lemma frankenstein_misses_pair_of_new_colored_even_cycle:
  assumes fr: "frankenstein F Cs Bs Ts" and FU: "F \<subseteq> U" and DU: "D \<subseteq> U"
    and free: "\<not> (\<exists>H\<subseteq>U. ccycle H \<and> rainbow H \<and> even (card H))"
    and D: "ccycle D" "even (card D)" and mono: "\<forall>x\<in>D. snd x = l" and new: "l \<notin> cols F"
  shows "\<exists>f\<in>D. fst f \<notin> Es F"
proof (rule ccontr)
  assume "\<not> (\<exists>f\<in>D. fst f \<notin> Es F)"
  then have "Es D \<subseteq> Es F"
    unfolding Es_def[of D] by blast
  moreover have "colored_graph F"
    using fr unfolding frankenstein_def by blast
  ultimately obtain H where H: "H \<subseteq> F" "ccycle H" "Es H = Es D" "card H = card D"
    using ccycle_on_covered_pairs D(1) by blast
  have "H \<subseteq> U" "even (card H)"
    using H(1,4) FU D(2) by auto
  then have "\<not> rainbow H"
    using free H(2) by blast
  moreover have "finite H"
    using H(2) unfolding ccycle_def colored_graph_def by blast
  ultimately obtain g g' where g: "g \<in> H" "g' \<in> H" "g \<noteq> g'" "snd g = snd g'"
    using not_rainbowE by blast
  then obtain B where B: "B \<in> set Bs" "g \<in> B" "g' \<in> B"
    using frankenstein_repeated_color_bad_piece[OF fr] H(1) by blast
  then have "bad_piece B"
    using fr unfolding frankenstein_def by blast
  then obtain K where K: "K \<subseteq> B" "ccycle K" "even (card K)" "rainbow (K - {g})"
    using bad_piece_even_cycle_rainbow_Diff B(2,3) g(3,4) by blast
  have "B \<subseteq> F"
    using fr B(1) unfolding frankenstein_def is_partition_def by auto
  then have KF: "K \<subseteq> F"
    using K(1) by blast
  have "finite K"
    using K(2) unfolding ccycle_def colored_graph_def by blast
  show False
  proof (cases "g \<in> K")
    case False
    then have "rainbow K"
      using K(4) by simp
    then show False
      using free K(2,3) KF FU by blast
  next
    case True
    have "fst g \<in> Es D"
      using g(1) H(3) unfolding Es_def[of H] by blast
    then obtain x where x: "x \<in> D" "fst x = fst g"
      unfolding Es_def by blast
    have "cols K \<subseteq> cols F"
      using KF unfolding cols_def by blast
    then have x_new: "snd x \<notin> cols K"
      using x(1) mono new by auto
    then have "x \<notin> K"
      unfolding cols_def by blast
    define K' where "K' = insert x (K - {g})"
    have "ccycle K'" "card K' = card K"
      unfolding K'_def using ccycle_swap_edge[OF K(2) True x(2) \<open>x \<notin> K\<close>] by auto
    moreover have "snd x \<notin> cols (K - {g})"
      using x_new unfolding cols_def by blast
    then have "rainbow K'"
      unfolding K'_def using rainbow_insert K(4) \<open>finite K\<close> by blast
    moreover have "K' \<subseteq> U"
      unfolding K'_def using KF x(1) FU DU by blast
    ultimately show False
      using free K(3) by auto
  qed
qed

theorem proposition3p1:
  fixes n m :: nat and D :: "nat \<Rightarrow> cgraph"
    and F :: cgraph and Cs Bs Ts :: "cgraph list"
  assumes "standing_setup n m D"
    and "frank_optimal D m F Cs Bs Ts"
  shows "\<forall>l\<in>Lambda m F. \<exists>f\<in>D l. outer_edge D m F f"
proof
  fix l
  assume l: "l \<in> Lambda m F"
  then have "l \<in> {1..m}" and new: "l \<notin> cols F"
    unfolding Lambda_def by auto
  then have D: "ccycle (D l)" "even (card (D l))" "\<forall>x\<in>D l. snd x = l"
    and free: "\<not> (\<exists>H\<subseteq>union_fam D m. ccycle H \<and> rainbow H \<and> even (card H))"
    using assms(1) unfolding standing_setup_def by auto
  have "D l \<subseteq> union_fam D m"
    using \<open>l \<in> {1..m}\<close> unfolding union_fam_def by blast
  moreover have "frankenstein F Cs Bs Ts" and "F \<subseteq> union_fam D m"
    using assms(2) unfolding frank_optimal_def frank_sub_def by auto
  ultimately obtain f where "f \<in> D l" "fst f \<notin> Es F"
    using frankenstein_misses_pair_of_new_colored_even_cycle D free new by blast
  then show "\<exists>f\<in>D l. outer_edge D m F f"
    using outer_edge_iff_not_in_Es l D(3) by blast
qed

end
text \<open>When the rows of S sum to r, the constant vector is an eigenvector; the test vector is the
  indicator of C made orthogonal to it.\<close>
lemma rayleigh_shifted_indicator:
  fixes S :: "'b \<Rightarrow> 'b \<Rightarrow> real"
  assumes fin: "finite A" and ne: "A \<noteq> {}" and sym: "\<forall>e\<in>A. \<forall>f\<in>A. S e f = S f e"
    and rows: "\<forall>e\<in>A. (\<Sum>f\<in>A. S e f) = r"
    and C: "C \<subseteq> A" "\<forall>e\<in>C. \<forall>f\<in>C. e \<noteq> f \<longrightarrow> S e f = 0"
    and ray: "\<forall>y. lam * sqnorm A y \<le> bform S A y y"
  shows "lam * (real (card C) - (real (card C))\<^sup>2 / real (card A))
           \<le> (\<Sum>e\<in>C. S e e) - r * (real (card C))\<^sup>2 / real (card A)"
proof -
  define m where "m = real (card C)"
  define M where "M = real (card A)"
  define t where "t = - m / M"
  have M: "M > 0" using fin ne by (simp add: M_def card_gt_0_iff)
  have "sqnorm A (\<lambda>e. indicator C e + t * 1)
          = sqnorm A (indicator C) + 2 * t * (\<Sum>e\<in>A. indicator C e) + t\<^sup>2 * sqnorm A (\<lambda>_. 1)"
    using sqnorm_add_expand[of A "indicator C" t "\<lambda>_. 1"] by simp
  also have "\<dots> = m + 2 * t * m + t\<^sup>2 * M"
    using sqnorm_indicator[OF fin C(1)] sum_indicator_subset[OF fin C(1)]
    by (simp add: m_def M_def sqnorm_def)
  also have "\<dots> = m - m\<^sup>2 / M" using M by (simp add: t_def field_simps power2_eq_square)
  finally have norm: "sqnorm A (\<lambda>e. indicator C e + t * 1) = m - m\<^sup>2 / M" .
  have "bform S A (indicator C) (\<lambda>_. 1) = (\<Sum>e\<in>A. indicator C e) * r"
    unfolding bform_def sum_distrib_right using rows by (intro sum.cong) auto
  also have "\<dots> = r * m" using sum_indicator_subset[OF fin C(1)] by (simp add: m_def)
  finally have "bform S A (indicator C) (\<lambda>_. 1) = r * m" .
  moreover have "bform S A (\<lambda>_. 1) (\<lambda>_. 1) = r * M"
    unfolding bform_def using rows by (simp add: M_def)
  ultimately have "bform S A (\<lambda>e. indicator C e + t * 1) (\<lambda>e. indicator C e + t * 1)
               = (\<Sum>e\<in>C. S e e) + 2 * t * (r * m) + t\<^sup>2 * (r * M)"
    using bform_add_expand[OF sym, of "indicator C" t "\<lambda>_. 1"] bform_indicator[OF fin C] by simp
  also have "\<dots> = (\<Sum>e\<in>C. S e e) - r * m\<^sup>2 / M" using M by (simp add: t_def field_simps power2_eq_square)
  finally have form: "bform S A (\<lambda>e. indicator C e + t * 1) (\<lambda>e. indicator C e + t * 1)
                        = (\<Sum>e\<in>C. S e e) - r * m\<^sup>2 / M" .
  show ?thesis using ray[rule_format, of "\<lambda>e. indicator C e + t * 1"] unfolding norm form m_def M_def .
qed

lemma chromatic_bound_algebra:
  fixes \<mu> N M c k Q :: real
  assumes summed: "\<mu> * (M - Q / M) \<le> N - c * Q / M" and M: "M > 0" and k: "k \<ge> 0"
    and cs: "M\<^sup>2 \<le> Q * k" and \<mu>c: "\<mu> \<le> c" and \<mu>N: "\<mu> < N / M"
  shows "(c - \<mu>) / (N / M - \<mu>) \<le> k"
proof -
  have "\<mu> * (M - Q / M) * M \<le> (N - c * Q / M) * M"
    using summed M by (simp add: mult_right_mono)
  then have "\<mu> * (M * M - Q) \<le> N * M - c * Q"
    using M by (simp add: algebra_simps)
  then have "(c - \<mu>) * Q \<le> M * (N - \<mu> * M)"
    by (simp add: algebra_simps)
  have "(c - \<mu>) * M\<^sup>2 \<le> (c - \<mu>) * (Q * k)" using cs \<mu>c by (simp add: mult_left_mono)
  also have "\<dots> = k * ((c - \<mu>) * Q)" by (simp add: algebra_simps)
  also have "\<dots> \<le> k * (M * (N - \<mu> * M))" using \<open>(c - \<mu>) * Q \<le> M * (N - \<mu> * M)\<close> k
    by (rule mult_left_mono)
  finally have "M * ((c - \<mu>) * M) \<le> M * (k * (N - \<mu> * M))"
    by (simp add: power2_eq_square algebra_simps)
  then have "(c - \<mu>) * M \<le> k * (N - \<mu> * M)"
    using M by (simp only: mult_le_cancel_left_pos)
  then have "c - \<mu> \<le> k * (N / M - \<mu>)"
    using M by (simp add: field_simps)
  then show ?thesis using \<mu>N by (simp add: divide_le_eq mult.commute)
qed
(* Let $K$ be a fractal gasket with $\{\omega_\alpha,\omega_\beta,\omega_\gamma\}\subset K$ satisfying the top isolated condition. Then its topology automaton $M_K$ satisfies the $\gamma$-isolated condition.
   Context: Let $\Delta\subset\mathbb R^2$ be the triangle with vertices $\omega_\alpha=(0,0)$, $\omega_\beta=(1,0)$, $\omega_\gamma=(1/2,\sqrt3/2)$. A fractal gasket is the attractor $K$ of $\{\varphi_j(z)=r_j(z+d_j)\}_{j=1}^N$, $r_j\in(0,1)$, $d_j\in\mathbb R^2$, with $\bigcup_j\varphi_j(\Delta)\subset\Delta$ and, for $i\ne j$, $\varphi_i(\Delta)\cap\varphi_j(\Delta)$ consisting only of common vertices. $\Sigma=\{1,\dots,N\}$; $\alpha=-1$ if $(0,0)\notin K$, else $\varphi_\alpha((0,0))=(0,0)$; $\beta=-2$ or $\varphi_\beta$ fixes $(1,0)$; $\gamma=-3$ or $\varphi_\gamma$ fixes $\omega_\gamma$. Top isolated condition: $\omega_\gamma\in K$ and $\varphi_\gamma(\Delta)\cap\varphi_j(\Delta)=\emptyset$ for all $j\ne\gamma$. Topology automaton $M_K$: the automaton with states $S_{uv}$ ($u\ne v\in\{\alpha,\beta,\gamma\}$), $Id$, $Exit$, input alphabet $\Sigma^2$, $\delta(Id,(i,i))=Id$, and for $i\ne j$: $\delta(Id,(i,j))=S_{uv}$ if $u,v\in\Sigma$ and $\varphi_i(\omega_v)=\varphi_j(\omega_u)$, $\delta(Id,(i,j))=Exit$ if $\varphi_i(K)\cap\varphi_j(K)=\emptyset$; $\delta(S_{uv},(i,j))=S_{uv}$ if $(i,j)=(v,u)$, else $Exit$. $\mathcal P_{uv}=\{(i,j):\delta(Id,(i,j))=S_{uv}\}$; $i\triangleleft_{uv}j$ iff $(i,j)\in\mathcal P_{uv}$ (iff $j\triangleleft_{vu}i$); $j$ is $uv$-isolated if there is neither $i$ with $i\triangleleft_{uv}j$ nor $k$ with $j\triangleleft_{uv}k$. $\gamma$-isolated condition: $\alpha,\beta,\gamma\in\Sigma$; the directed graph on $\Sigma$ with edges $\mathcal P_{\alpha\gamma}\cup\mathcal P_{\beta\gamma}$ has no directed cycle; $\gamma$ is $\alpha\gamma$-, $\beta\gamma$- and $\alpha\beta$-isolated. *)

theory Defs
  imports "HOL-Analysis.Analysis"
begin

text \<open>The plane R^2 is modelled by the complex numbers (x,y) = x + i y.
  The three vertex labels alpha, beta, gamma of the triangle Delta.\<close>

datatype vlabel = VA | VB | VG

fun omega :: "vlabel \<Rightarrow> complex" where
  "omega VA = 0"
| "omega VB = 1"
| "omega VG = Complex (1/2) (sqrt 3 / 2)"

definition tri_vertices :: "complex set" where
  "tri_vertices = {omega VA, omega VB, omega VG}"

definition tri :: "complex set" where
  "tri = convex hull tri_vertices"

definition alph :: "int \<Rightarrow> int set" where
  "alph N = {1..N}"

definition gmap :: "(int \<Rightarrow> real) \<Rightarrow> (int \<Rightarrow> complex) \<Rightarrow> int \<Rightarrow> complex \<Rightarrow> complex" where
  "gmap r d j z = of_real (r j) * (z + d j)"

definition fractal_gasket :: "int \<Rightarrow> (int \<Rightarrow> real) \<Rightarrow> (int \<Rightarrow> complex) \<Rightarrow> complex set \<Rightarrow> bool" where
  "fractal_gasket N r d K \<longleftrightarrow>
     1 \<le> N \<and>
     (\<forall>j\<in>alph N. 0 < r j \<and> r j < 1) \<and>
     (\<Union>j\<in>alph N. gmap r d j ` tri) \<subseteq> tri \<and>
     (\<forall>i\<in>alph N. \<forall>j\<in>alph N. i \<noteq> j \<longrightarrow>
        gmap r d i ` tri \<inter> gmap r d j ` tri \<subseteq> gmap r d i ` tri_vertices \<inter> gmap r d j ` tri_vertices) \<and>
     compact K \<and> K \<noteq> {} \<and> K = (\<Union>j\<in>alph N. gmap r d j ` K)"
——————————
Quote verbatim the opening lines of the listing above, ending with the line where "then obtain x" appears; include both endpoints and nothing more.

▸ ANSWER TO THIS EXERCISE:
lemma frankenstein_misses_pair_of_new_colored_even_cycle:
  assumes fr: "frankenstein F Cs Bs Ts" and FU: "F \<subseteq> U" and DU: "D \<subseteq> U"
    and free: "\<not> (\<exists>H\<subseteq>U. ccycle H \<and> rainbow H \<and> even (card H))"
    and D: "ccycle D" "even (card D)" and mono: "\<forall>x\<in>D. snd x = l" and new: "l \<notin> cols F"
  shows "\<exists>f\<in>D. fst f \<notin> Es F"
proof (rule ccontr)
  assume "\<not> (\<exists>f\<in>D. fst f \<notin> Es F)"
  then have "Es D \<subseteq> Es F"
    unfolding Es_def[of D] by blast
  moreover have "colored_graph F"
    using fr unfolding frankenstein_def by blast
  ultimately obtain H where H: "H \<subseteq> F" "ccycle H" "Es H = Es D" "card H = card D"
    using ccycle_on_covered_pairs D(1) by blast
  have "H \<subseteq> U" "even (card H)"
    using H(1,4) FU D(2) by auto
  then have "\<not> rainbow H"
    using free H(2) by blast
  moreover have "finite H"
    using H(2) unfolding ccycle_def colored_graph_def by blast
  ultimately obtain g g' where g: "g \<in> H" "g' \<in> H" "g \<noteq> g'" "snd g = snd g'"
    using not_rainbowE by blast
  then obtain B where B: "B \<in> set Bs" "g \<in> B" "g' \<in> B"
    using frankenstein_repeated_color_bad_piece[OF fr] H(1) by blast
  then have "bad_piece B"
    using fr unfolding frankenstein_def by blast
  then obtain K where K: "K \<subseteq> B" "ccycle K" "even (card K)" "rainbow (K - {g})"
    using bad_piece_even_cycle_rainbow_Diff B(2,3) g(3,4) by blast
  have "B \<subseteq> F"
    using fr B(1) unfolding frankenstein_def is_partition_def by auto
  then have KF: "K \<subseteq> F"
    using K(1) by blast
  have "finite K"
    using K(2) unfolding ccycle_def colored_graph_def by blast
  show False
  proof (cases "g \<in> K")
    case False
    then have "rainbow K"
      using K(4) by simp
    then show False
      using free K(2,3) KF FU by blast
  next
    case True
    have "fst g \<in> Es D"
      using g(1) H(3) unfolding Es_def[of H] by blast
    then obtain x where x: "x \<in> D" "fst x = fst g"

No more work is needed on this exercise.